### TASK DETAILS
Set the data down once more, exactly as it is written.

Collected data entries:
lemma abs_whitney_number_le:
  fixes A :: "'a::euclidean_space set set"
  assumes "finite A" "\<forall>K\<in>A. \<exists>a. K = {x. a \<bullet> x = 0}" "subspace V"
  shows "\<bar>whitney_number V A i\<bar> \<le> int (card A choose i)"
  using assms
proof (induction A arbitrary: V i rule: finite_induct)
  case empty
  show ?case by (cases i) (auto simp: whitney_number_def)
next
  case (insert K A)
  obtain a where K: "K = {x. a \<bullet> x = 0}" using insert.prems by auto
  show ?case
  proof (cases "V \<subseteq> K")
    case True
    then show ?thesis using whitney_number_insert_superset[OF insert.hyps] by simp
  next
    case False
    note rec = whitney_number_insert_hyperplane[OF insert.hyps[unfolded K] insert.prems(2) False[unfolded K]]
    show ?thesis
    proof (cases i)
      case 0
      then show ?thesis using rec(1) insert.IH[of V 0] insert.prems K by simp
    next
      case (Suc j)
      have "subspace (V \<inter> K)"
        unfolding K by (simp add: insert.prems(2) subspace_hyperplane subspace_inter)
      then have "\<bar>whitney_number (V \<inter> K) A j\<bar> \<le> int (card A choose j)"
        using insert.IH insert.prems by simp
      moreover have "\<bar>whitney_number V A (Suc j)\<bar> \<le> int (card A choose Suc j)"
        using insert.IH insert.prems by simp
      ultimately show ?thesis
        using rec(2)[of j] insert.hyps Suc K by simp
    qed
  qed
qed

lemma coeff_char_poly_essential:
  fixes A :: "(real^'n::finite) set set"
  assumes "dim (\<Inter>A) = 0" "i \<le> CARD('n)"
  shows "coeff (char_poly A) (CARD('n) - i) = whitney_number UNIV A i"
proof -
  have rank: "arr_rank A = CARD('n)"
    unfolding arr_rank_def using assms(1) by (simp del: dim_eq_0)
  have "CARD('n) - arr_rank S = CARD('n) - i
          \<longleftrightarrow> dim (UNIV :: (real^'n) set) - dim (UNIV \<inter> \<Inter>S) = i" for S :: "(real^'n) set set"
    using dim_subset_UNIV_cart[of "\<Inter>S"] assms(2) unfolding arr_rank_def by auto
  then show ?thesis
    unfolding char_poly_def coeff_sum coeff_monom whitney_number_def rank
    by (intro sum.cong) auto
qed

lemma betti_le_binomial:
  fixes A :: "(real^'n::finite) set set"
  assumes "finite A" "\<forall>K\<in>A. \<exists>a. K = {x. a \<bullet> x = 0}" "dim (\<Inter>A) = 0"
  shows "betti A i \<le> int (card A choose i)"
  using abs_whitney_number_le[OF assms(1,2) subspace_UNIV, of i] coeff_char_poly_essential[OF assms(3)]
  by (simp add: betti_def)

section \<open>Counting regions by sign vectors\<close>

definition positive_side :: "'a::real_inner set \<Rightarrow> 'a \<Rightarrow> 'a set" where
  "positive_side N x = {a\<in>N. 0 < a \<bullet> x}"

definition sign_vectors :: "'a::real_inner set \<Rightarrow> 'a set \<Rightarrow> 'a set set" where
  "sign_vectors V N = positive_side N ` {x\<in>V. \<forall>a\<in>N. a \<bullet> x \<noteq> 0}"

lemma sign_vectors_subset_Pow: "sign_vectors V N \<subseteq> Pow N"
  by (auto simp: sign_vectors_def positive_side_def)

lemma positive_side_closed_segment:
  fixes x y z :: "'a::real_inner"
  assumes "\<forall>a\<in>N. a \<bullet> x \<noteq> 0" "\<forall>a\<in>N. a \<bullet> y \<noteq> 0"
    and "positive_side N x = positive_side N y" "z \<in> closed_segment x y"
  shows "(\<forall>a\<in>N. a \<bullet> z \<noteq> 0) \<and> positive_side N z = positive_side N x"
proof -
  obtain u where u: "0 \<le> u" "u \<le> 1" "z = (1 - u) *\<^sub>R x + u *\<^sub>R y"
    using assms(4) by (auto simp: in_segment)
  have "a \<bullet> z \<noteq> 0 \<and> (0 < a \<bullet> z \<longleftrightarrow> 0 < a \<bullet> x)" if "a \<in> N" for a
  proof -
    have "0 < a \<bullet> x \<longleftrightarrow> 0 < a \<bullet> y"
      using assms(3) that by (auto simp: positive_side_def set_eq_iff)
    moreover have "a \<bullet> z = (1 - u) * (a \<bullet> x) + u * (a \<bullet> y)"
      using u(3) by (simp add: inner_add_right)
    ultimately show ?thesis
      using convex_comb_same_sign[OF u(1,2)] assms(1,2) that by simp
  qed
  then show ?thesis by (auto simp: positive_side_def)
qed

### EXPECTED ANSWER
lemma abs_whitney_number_le:
  fixes A :: "'a::euclidean_space set set"
  assumes "finite A" "\<forall>K\<in>A. \<exists>a. K = {x. a \<bullet> x = 0}" "subspace V"
  shows "\<bar>whitney_number V A i\<bar> \<le> int (card A choose i)"
  using assms
proof (induction A arbitrary: V i rule: finite_induct)
  case empty
  show ?case by (cases i) (auto simp: whitney_number_def)
next
  case (insert K A)
  obtain a where K: "K = {x. a \<bullet> x = 0}" using insert.prems by auto
  show ?case
  proof (cases "V \<subseteq> K")
    case True
    then show ?thesis using whitney_number_insert_superset[OF insert.hyps] by simp
  next
    case False
    note rec = whitney_number_insert_hyperplane[OF insert.hyps[unfolded K] insert.prems(2) False[unfolded K]]
    show ?thesis
    proof (cases i)
      case 0
      then show ?thesis using rec(1) insert.IH[of V 0] insert.prems K by simp
    next
      case (Suc j)
      have "subspace (V \<inter> K)"
        unfolding K by (simp add: insert.prems(2) subspace_hyperplane subspace_inter)
      then have "\<bar>whitney_number (V \<inter> K) A j\<bar> \<le> int (card A choose j)"
        using insert.IH insert.prems by simp
      moreover have "\<bar>whitney_number V A (Suc j)\<bar> \<le> int (card A choose Suc j)"
        using insert.IH insert.prems by simp
      ultimately show ?thesis
        using rec(2)[of j] insert.hyps Suc K by simp
    qed
  qed
qed

lemma coeff_char_poly_essential:
  fixes A :: "(real^'n::finite) set set"
  assumes "dim (\<Inter>A) = 0" "i \<le> CARD('n)"
  shows "coeff (char_poly A) (CARD('n) - i) = whitney_number UNIV A i"
proof -
  have rank: "arr_rank A = CARD('n)"
    unfolding arr_rank_def using assms(1) by (simp del: dim_eq_0)
  have "CARD('n) - arr_rank S = CARD('n) - i
          \<longleftrightarrow> dim (UNIV :: (real^'n) set) - dim (UNIV \<inter> \<Inter>S) = i" for S :: "(real^'n) set set"
    using dim_subset_UNIV_cart[of "\<Inter>S"] assms(2) unfolding arr_rank_def by auto
  then show ?thesis
    unfolding char_poly_def coeff_sum coeff_monom whitney_number_def rank
    by (intro sum.cong) auto
qed

lemma betti_le_binomial:
  fixes A :: "(real^'n::finite) set set"
  assumes "finite A" "\<forall>K\<in>A. \<exists>a. K = {x. a \<bullet> x = 0}" "dim (\<Inter>A) = 0"
  shows "betti A i \<le> int (card A choose i)"
  using abs_whitney_number_le[OF assms(1,2) subspace_UNIV, of i] coeff_char_poly_essential[OF assms(3)]
  by (simp add: betti_def)

section \<open>Counting regions by sign vectors\<close>

definition positive_side :: "'a::real_inner set \<Rightarrow> 'a \<Rightarrow> 'a set" where
  "positive_side N x = {a\<in>N. 0 < a \<bullet> x}"

definition sign_vectors :: "'a::real_inner set \<Rightarrow> 'a set \<Rightarrow> 'a set set" where
  "sign_vectors V N = positive_side N ` {x\<in>V. \<forall>a\<in>N. a \<bullet> x \<noteq> 0}"

lemma sign_vectors_subset_Pow: "sign_vectors V N \<subseteq> Pow N"
  by (auto simp: sign_vectors_def positive_side_def)

lemma positive_side_closed_segment:
  fixes x y z :: "'a::real_inner"
  assumes "\<forall>a\<in>N. a \<bullet> x \<noteq> 0" "\<forall>a\<in>N. a \<bullet> y \<noteq> 0"
    and "positive_side N x = positive_side N y" "z \<in> closed_segment x y"
  shows "(\<forall>a\<in>N. a \<bullet> z \<noteq> 0) \<and> positive_side N z = positive_side N x"
proof -
  obtain u where u: "0 \<le> u" "u \<le> 1" "z = (1 - u) *\<^sub>R x + u *\<^sub>R y"
    using assms(4) by (auto simp: in_segment)
  have "a \<bullet> z \<noteq> 0 \<and> (0 < a \<bullet> z \<longleftrightarrow> 0 < a \<bullet> x)" if "a \<in> N" for a
  proof -
    have "0 < a \<bullet> x \<longleftrightarrow> 0 < a \<bullet> y"
      using assms(3) that by (auto simp: positive_side_def set_eq_iff)
    moreover have "a \<bullet> z = (1 - u) * (a \<bullet> x) + u * (a \<bullet> y)"
      using u(3) by (simp add: inner_add_right)
    ultimately show ?thesis
      using convex_comb_same_sign[OF u(1,2)] assms(1,2) that by simp
  qed
  then show ?thesis by (auto simp: positive_side_def)
qed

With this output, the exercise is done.